_Activity_
Every line from the one containing "by (simp add: inner_commute" to the end of the listing below should be transcribed exactly, and no line outside that span should appear.

_Working data_
(* Let $X$ be a finite-dimensional real Hilbert space and let $\mathcal{C}$ be a nonempty finite collection of nonempty polyhedral subsets of $X$. Let $\lambda\in[0,2[$ and $x_0\in X$. Generate a sequence $(x_n)_{n\in\mathbb{N}}$ as follows: given $x_n$, pick any $R_n\in\mathcal{R}_{\mathcal{C},[0,\lambda]}$ (the choice may depend arbitrarily on $n$ and on the past) and set $x_{n+1}:=R_n x_n$. Then the sequence $(x_n)_{n\in\mathbb{N}}$ is bounded.
   Context: A subset of $X$ is polyhedral if it is the intersection of finitely many closed halfspaces. For a nonempty closed convex set $C$, $P_C$ is the orthogonal (nearest-point) projector onto $C$, and $\mathrm{Id}$ is the identity on $X$. For a finite collection $\mathcal{C}$ of nonempty closed convex sets and an interval $\Lambda\subseteq[0,2]$, the set of relaxed projectors is \[ \mathcal{R}_{\mathcal{C},\Lambda}:=\{(1-\mu)\mathrm{Id}+\mu P_C : C\in\mathcal{C},\ \mu\in\Lambda\}. \] *)

theory Defs
  imports "HOL-Analysis.Analysis"
begin

definition relaxed_projectors ::
  "'a::euclidean_space set set \<Rightarrow> real set \<Rightarrow> ('a \<Rightarrow> 'a) set" where
  "relaxed_projectors \<C> \<Lambda> =
     {(\<lambda>x. (1 - \<mu>) *\<^sub>R x + \<mu> *\<^sub>R closest_point C x) | C \<mu>. C \<in> \<C> \<and> \<mu> \<in> \<Lambda>}"

end

(*
  The closest point of a polyhedron C to x is also the closest point to x of the affine
  set cut out by the constraints of C active there.  So the projector onto C agrees
  pointwise with projectors onto finitely many affine sets, and it suffices to treat a
  finite family F of nonempty affine sets.  A relaxed projection onto A in F moves x
  orthogonally to the direction space of A, hence does not change the projection of x
  onto the common direction space W of F; only the distance of x to W can grow.

  That this distance grows by at most a constant along every orbit is shown by induction
  over subfamilies.  Given a start x 0, choose by pigeonhole a threshold separating the
  sets near x 0 (a proper subfamily J) from those much farther away.  The steps towards
  near sets form an orbit of J, which by induction stays close to x 0, so the far sets
  remain far; a step towards a far set then decreases the squared norm by an amount
  proportional to its length.  Consequently the distance to W may rise by a bounded amount
  before the far steps have accumulated unit length, at which point it has returned
  below its initial value and the argument restarts.  If no set is far, an error bound
  (the distance of x to W is controlled by its distances to the sets of F) bounds x 0.
*)
theory Submission
  imports Defs
begin

section \<open>Projections onto affine sets and subspaces\<close>

lemma closest_point_eqI:
  fixes A :: "'a::euclidean_space set"
  assumes "convex A" "closed A" "p \<in> A" and obtuse: "\<And>z. z \<in> A \<Longrightarrow> (x - p) \<bullet> (z - p) \<le> 0"
  shows "closest_point A x = p"
proof -
  have "dist x p \<le> dist x z" if "z \<in> A" for z
  proof -
    have "(x - z) \<bullet> (x - z) = (x - p) \<bullet> (x - p) + (z - p) \<bullet> (z - p) - 2 * ((x - p) \<bullet> (z - p))"
      by (simp add: algebra_simps inner_diff_left inner_diff_right inner_commute)
    then have "(x - p) \<bullet> (x - p) \<le> (x - z) \<bullet> (x - z)"
      using obtuse[OF that] inner_ge_zero[of "z - p"] by linarith
    then show ?thesis
      by (simp add: dist_norm norm_le)
  qed
  then show ?thesis
    using closest_point_unique[OF assms(1-3)] by auto
qed

lemma dist_closest_point_triangle:
  assumes "closed A" "A \<noteq> {}"
  shows "norm (x - closest_point A x) \<le> norm (x - y) + norm (y - closest_point A y)"
proof -
  have "dist x (closest_point A x) \<le> dist x (closest_point A y)"
    using closest_point_le[OF assms(1) closest_point_in_set[OF assms]] .
  also have "\<dots> \<le> dist x y + dist y (closest_point A y)"
    by (rule dist_triangle)
  finally show ?thesis
    by (simp add: dist_norm)
qed

lemma closest_point_affine_orthogonal:
  fixes A :: "'a::euclidean_space set"
  assumes "affine A" "A \<noteq> {}" "y \<in> A"
  shows "(y - closest_point A x) \<bullet> (x - closest_point A x) = 0"
proof -
  let ?p = "closest_point A x"
  have p: "?p \<in> A"
    using assms by (simp add: closest_point_in_set affine_closed)
  have reflected: "?p + (-1) *\<^sub>R (y - ?p) \<in> A"
    using mem_affine_3_minus[OF assms(1) p assms(3) p] .
  have "(x - ?p) \<bullet> (z - ?p) \<le> 0" if "z \<in> A" for z
    using closest_point_dot[OF affine_imp_convex affine_closed] assms(1) that by blast
  from this[OF assms(3)] this[OF reflected] show ?thesis
    by (simp add: inner_commute inner_diff_right)
qed

lemma closest_point_affine_eqI:
  fixes A :: "'a::euclidean_space set"
  assumes "affine A" "p \<in> A" "\<And>y. y \<in> A \<Longrightarrow> (y - p) \<bullet> (x - p) = 0"
  shows "closest_point A x = p"
  using assms
  by (intro closest_point_eqI) (auto simp: affine_imp_convex affine_closed inner_commute)

definition directions :: "'a::real_vector set \<Rightarrow> 'a set" where
  "directions A = {y - z | y z. y \<in> A \<and> z \<in> A}"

_Written response_
    by (simp add: inner_commute inner_diff_right)
qed

lemma closest_point_affine_eqI:
  fixes A :: "'a::euclidean_space set"
  assumes "affine A" "p \<in> A" "\<And>y. y \<in> A \<Longrightarrow> (y - p) \<bullet> (x - p) = 0"
  shows "closest_point A x = p"
  using assms
  by (intro closest_point_eqI) (auto simp: affine_imp_convex affine_closed inner_commute)

definition directions :: "'a::real_vector set \<Rightarrow> 'a set" where
  "directions A = {y - z | y z. y \<in> A \<and> z \<in> A}"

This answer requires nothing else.